Of course, these days, work was the only place I ever saw Mulder. And he was clearly unhappy about the changed situation; he didn't have to say anything for me to know that. But as Josh reminded me one morning as we sat in my kitchen eating breakfast, if Mulder couldn't adapt to my having a lover, he wasn't being much of a friend to me.
I had learned to live with Daniel's presence in Mulder's life, he pointed out; too bad Mulder couldn't seem to do the same for me.
"Strange that he could be so jealous, when he doesn't really want you for himself," Josh said, reflectively.
"That's not really fair, Josh," I said. "Mulder's never tried to mislead me into thinking he was anything other than what he is. It's just that we've been partners for more than four years now, and he's come to rely on me a lot."
"Well, I rely on you, too," Josh said, rising and standing behind me, stroking my arms. "And I like to think I have more right to. Don't I?"
"Of course you do," I said, putting my hand over his, although privately I wondered whether he really did. But then, he was my "significant other," wasn't he? Of course his rights were greater than Mulder's, just as Daniel's were greater than mine.
But just because I acknowledged Josh's point didn't mean I wanted Mulder hurt, though.

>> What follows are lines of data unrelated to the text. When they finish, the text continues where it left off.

(* Let $G=(V,E)$ be a finite simple graph on $n$ vertices with adjacency matrix $A$ having eigenvalues $\lambda_1\ge\cdots\ge\lambda_n$, let $k\ge1$, and let $p\in\mathbb{R}_k[x]$ be such that $p(\lambda_1)>p(\lambda_i)$ for all $i\in\{2,\dots,n\}$. Let $W(p):=\max_{u\in V}(p(A))_{uu}$ and $\lambda(p):=\min_{2\le i\le n}p(\lambda_i)$. Then $$\chi_{kq}(G)\ \ge\ \frac{p(\lambda_1)-\lambda(p)}{W(p)-\lambda(p)}.$$
   Context: $\mathbb{R}_k[x]$ denotes the real polynomials of degree at most $k$. $\mathrm{dist}$ is the graph distance in $G$, $[c]=\{1,\dots,c\}$. A quantum $k$-distance $c$-coloring of $G$ is a collection of orthogonal projectors $\{P_{v,h} : v\in V, h\in[c]\}$ in $\mathbb{C}^{d\times d}$ (some $d\ge1$) with $\sum_{h}P_{v,h}=I_d$ for each $v$ and $P_{v,h}P_{w,h}=0$ for all distinct $v,w$ with $\mathrm{dist}(v,w)\le k$ and all $h$. $\chi_{kq}(G)$ is the smallest $c$ admitting such a coloring for some $d>0$; equivalently the quantum chromatic number of the $k$-th power graph $G^k$. *)

theory Defs
  imports "Jordan_Normal_Form.Schur_Decomposition" "HOL-Computational_Algebra.Polynomial"
begin

definition simple_graph :: "nat \<Rightarrow> (nat \<Rightarrow> nat \<Rightarrow> bool) \<Rightarrow> bool" where
  "simple_graph n E \<longleftrightarrow> (\<forall>u v. E u v \<longrightarrow> u < n \<and> v < n) \<and>
     (\<forall>u v. E u v \<longrightarrow> E v u) \<and> (\<forall>u. \<not> E u u)"

definition adj_mat :: "nat \<Rightarrow> (nat \<Rightarrow> nat \<Rightarrow> bool) \<Rightarrow> real mat" where
  "adj_mat n E = mat n n (\<lambda>(i,j). if E i j then 1 else 0)"

definition dist_le :: "(nat \<Rightarrow> nat \<Rightarrow> bool) \<Rightarrow> nat \<Rightarrow> nat \<Rightarrow> nat \<Rightarrow> bool" where
  "dist_le E k v w \<longleftrightarrow> (\<exists>l\<le>k. (v, w) \<in> {(x,y). E x y} ^^ l)"

definition mat_poly :: "'a::comm_ring_1 poly \<Rightarrow> 'a mat \<Rightarrow> 'a mat" where
  "mat_poly p A = foldr (\<lambda>c M. c \<cdot>\<^sub>m 1\<^sub>m (dim_row A) + A * M) (coeffs p) (0\<^sub>m (dim_row A) (dim_row A))"

definition mat_sum :: "nat \<Rightarrow> (nat \<Rightarrow> 'a::comm_ring_1 mat) \<Rightarrow> nat \<Rightarrow> 'a mat" where
  "mat_sum d f c = foldr (\<lambda>h M. f h + M) [1..<c+1] (0\<^sub>m d d)"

"Josh," I said, "try to go easy on Mulder, please? He still hasn't had much chance to get used to this."
"I'll try," Josh said. He walked over to the counter and poured another cup of coffee and took a slug. He made a face.
"The coffee's cold again, Dana," he said, tossing the liquid into the sink. "You need to make another pot."
Then he'd gone into the living room to peruse the classified ads in the Washington Post, leaving me to clean up the kitchen.